Les brins d'ADN, à partir desquels il est nécessaire de "lire" les informations, se déroulent, une enzyme spéciale - "constructeur" les approche et synthétise un brin d'ARN complémentaire en parallèle au brin d'ADN. La molécule d'ARN se compose également de 4 types de nucléotides - adénine (A), uracile (U), guanine (G) et cytosine (C). Dans ce cas, les couples suivants sont complémentaires : adénine - uracile, guanine - cytosine. Comme vous pouvez le voir, contrairement à l'ADN, l'ARN utilise de l'uracile au lieu de la thymine. C'est-à-dire que l'enzyme "constructrice" fonctionne comme suit : si elle voit A dans le brin d'ADN, alors elle attache Y au brin d'ARN, si G, attache alors C, etc. Ainsi, à partir de chaque gène actif pendant la transcription, une matrice est formée - une copie d'ARN qui peut traverser la membrane nucléaire.

Comment se déroule la synthèse d'une protéine codée par un gène spécifique ?

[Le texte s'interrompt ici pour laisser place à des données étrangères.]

text \<open>Let \<open>Q\<close> be the matrix that is the identity on \<open>D\<close> and \<open>(2/n\<^sub>i) J - I\<close> on each
  \<open>C\<^sub>i\<close>, where \<open>J\<close> is the all-ones matrix. The Godsil--McKay conditions are exactly what
  is needed for \<open>Q A\<^sub>G Q\<close> to be the adjacency matrix of the switched graph. As \<open>u\<close> is
  block diagonal for a partition refining \<open>\<pi>\<close> and all its row and column sums are 1, each
  of its diagonal blocks with respect to \<open>\<pi>\<close> also has row and column sums 1, so \<open>u\<close>
  commutes with \<open>Q\<close>; hence \<open>u (Q A\<^sub>G\<^sub>1 Q) = (Q A\<^sub>G\<^sub>2 Q) u\<close>. Adjacency matrices are symmetric
  with central entries, so the transpose of \<open>u\<close> is a quantum permutation matrix
  intertwining the switched graphs in the direction quantum isomorphism asks for.\<close>

definition mat_mult :: "('v::finite \<Rightarrow> 'v \<Rightarrow> 'a::semiring_0) \<Rightarrow> ('v \<Rightarrow> 'v \<Rightarrow> 'a) \<Rightarrow> 'v \<Rightarrow> 'v \<Rightarrow> 'a"
    (infixl "\<star>" 70) where
  "(X \<star> Y) a b = (\<Sum>c\<in>UNIV. X a c * Y c b)"

lemma mat_mult_assoc: "X \<star> Y \<star> Z = X \<star> (Y \<star> Z)"
  unfolding mat_mult_def
  by (intro ext) (simp add: sum_distrib_left sum_distrib_right mult.assoc, rule sum.swap)

lemma mat_mult_conj_intertwine:
  assumes "u \<star> A = B \<star> u" and "u \<star> Q = Q \<star> u"
  shows "u \<star> (Q \<star> A \<star> Q) = Q \<star> B \<star> Q \<star> u"
  using assms by (metis mat_mult_assoc)

definition of_real_mat :: "('v \<Rightarrow> 'w \<Rightarrow> real) \<Rightarrow> 'v \<Rightarrow> 'w \<Rightarrow> 'a::real_algebra_1" where
  "of_real_mat P x y = of_real (P x y)"

lemma of_real_mat_real [simp]: "(of_real_mat P :: 'v \<Rightarrow> 'w \<Rightarrow> real) = P"
  by (simp add: of_real_mat_def fun_eq_iff)

lemma of_real_mat_mult: "of_real_mat (P \<star> R) = of_real_mat P \<star> of_real_mat R"
  by (simp add: of_real_mat_def mat_mult_def fun_eq_iff)

lemma of_real_mult_commute: "of_real r * x = x * (of_real r :: 'a::real_algebra_1)"
  by (simp add: of_real_def)

definition adjacency :: "('v \<Rightarrow> 'v \<Rightarrow> bool) \<Rightarrow> 'v \<Rightarrow> 'v \<Rightarrow> 'a::zero_neq_one" where
  "adjacency E x y = of_bool (E x y)"

lemma adjm_eq_adjacency: "adjm E = adjacency E"
  by (simp add: adjm_def adjacency_def fun_eq_iff)

lemma of_real_mat_adjacency: "of_real_mat (adjacency E) = adjacency E"
  by (simp add: of_real_mat_def adjacency_def fun_eq_iff)

definition cell_matrix :: "('v \<Rightarrow> 'i) \<Rightarrow> ('i \<Rightarrow> real) \<Rightarrow> ('i \<Rightarrow> real) \<Rightarrow> 'v \<Rightarrow> 'v \<Rightarrow> real" where
  "cell_matrix cl p q x y = (if x = y then p (cl x) else 0) + (if cl x = cl y then q (cl x) else 0)"

lemma cell_matrix_mult:
  fixes M :: "'v::finite \<Rightarrow> 'v \<Rightarrow> 'a::real_algebra_1"
  shows "(of_real_mat (cell_matrix cl p q) \<star> M) x y =
    of_real (p (cl x)) * M x y + of_real (q (cl x)) * (\<Sum>c | cl c = cl x. M c y)"
proof -
  have "(of_real_mat (cell_matrix cl p q) \<star> M) x y =
      (\<Sum>c\<in>UNIV. (if c = x then of_real (p (cl x)) * M c y else 0)
        + (if cl c = cl x then of_real (q (cl x)) * M c y else 0))"
    unfolding mat_mult_def
    by (intro sum.cong) (auto simp: of_real_mat_def cell_matrix_def distrib_right)
  then show ?thesis
    by (simp add: sum.distrib sum.If_cases sum_distrib_left)
qed

lemma mult_cell_matrix:
  fixes M :: "'v::finite \<Rightarrow> 'v \<Rightarrow> 'a::real_algebra_1"
  shows "(M \<star> of_real_mat (cell_matrix cl p q)) x y =
    M x y * of_real (p (cl y)) + (\<Sum>c | cl c = cl y. M x c) * of_real (q (cl y))"
proof -
  have "(M \<star> of_real_mat (cell_matrix cl p q)) x y =
      (\<Sum>c\<in>UNIV. (if c = y then M x c * of_real (p (cl y)) else 0)
        + (if cl c = cl y then M x c * of_real (q (cl y)) else 0))"
    unfolding mat_mult_def
    by (intro sum.cong) (auto simp: of_real_mat_def cell_matrix_def distrib_left)
  then show ?thesis
    by (simp add: sum.distrib sum.If_cases sum_distrib_right)
qed

lemma block_diagonal_row_sum:
  fixes u :: "'v::finite \<Rightarrow> 'v \<Rightarrow> 'a::comm_monoid_add"
  assumes "(\<Sum>c\<in>UNIV. u x c) = r" and "\<And>a b. cl a \<noteq> cl b \<Longrightarrow> u a b = 0"
  shows "(\<Sum>c | cl c = j. u x c) = (if cl x = j then r else 0)"
proof (cases "cl x = j")
  case True
  then have "(\<Sum>c | cl c = j. u x c) = (\<Sum>c\<in>UNIV. u x c)"
    using assms(2) by (intro sum.mono_neutral_left) auto
  with True assms(1) show ?thesis by simp
qed (use assms(2) in \<open>auto intro: sum.neutral\<close>)

lemma block_diagonal_col_sum:
  fixes u :: "'v::finite \<Rightarrow> 'v \<Rightarrow> 'a::comm_monoid_add"
  assumes "(\<Sum>c\<in>UNIV. u c y) = r" and "\<And>a b. cl a \<noteq> cl b \<Longrightarrow> u a b = 0"
  shows "(\<Sum>c | cl c = j. u c y) = (if cl y = j then r else 0)"
  using block_diagonal_row_sum[where u = "\<lambda>a b. u b a" and cl = cl] assms by metis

Après avoir quitté le noyau, l'ARN pénètre dans le cytoplasme. Déjà dans le cytoplasme, l'ARN peut être, en tant que matrice, intégré dans des systèmes enzymatiques spéciaux (ribosomes), qui peuvent synthétiser, guidés par les informations de l'ARN, la séquence d'acides aminés de la protéine correspondante. Comme vous le savez, une molécule de protéine est composée d'acides aminés. Comment le ribosome parvient-il à découvrir quel acide aminé doit être attaché à la chaîne protéique en croissance ? Ceci est fait sur la base d'un code triplet. Le code triplet signifie que la séquence de trois nucléotides de la chaîne d'ARN ( triolet, par exemple, HGH) codent pour un acide aminé (dans ce cas, la glycine). Chaque acide aminé est codé par un triplet spécifique. Et ainsi, le ribosome « ​​lit » le triplet, détermine quel acide aminé doit être attaché ensuite pendant qu'il lit les informations dans l'ARN. Lorsqu'une chaîne d'acides aminés se forme, elle prend une certaine forme spatiale et devient une protéine capable d'accomplir les fonctions enzymatiques, constructives, hormonales et autres qui lui sont assignées.

La protéine pour tout organisme vivant est le produit d'un gène. Ce sont les protéines qui déterminent toutes les diverses propriétés, qualités et manifestations externes des gènes.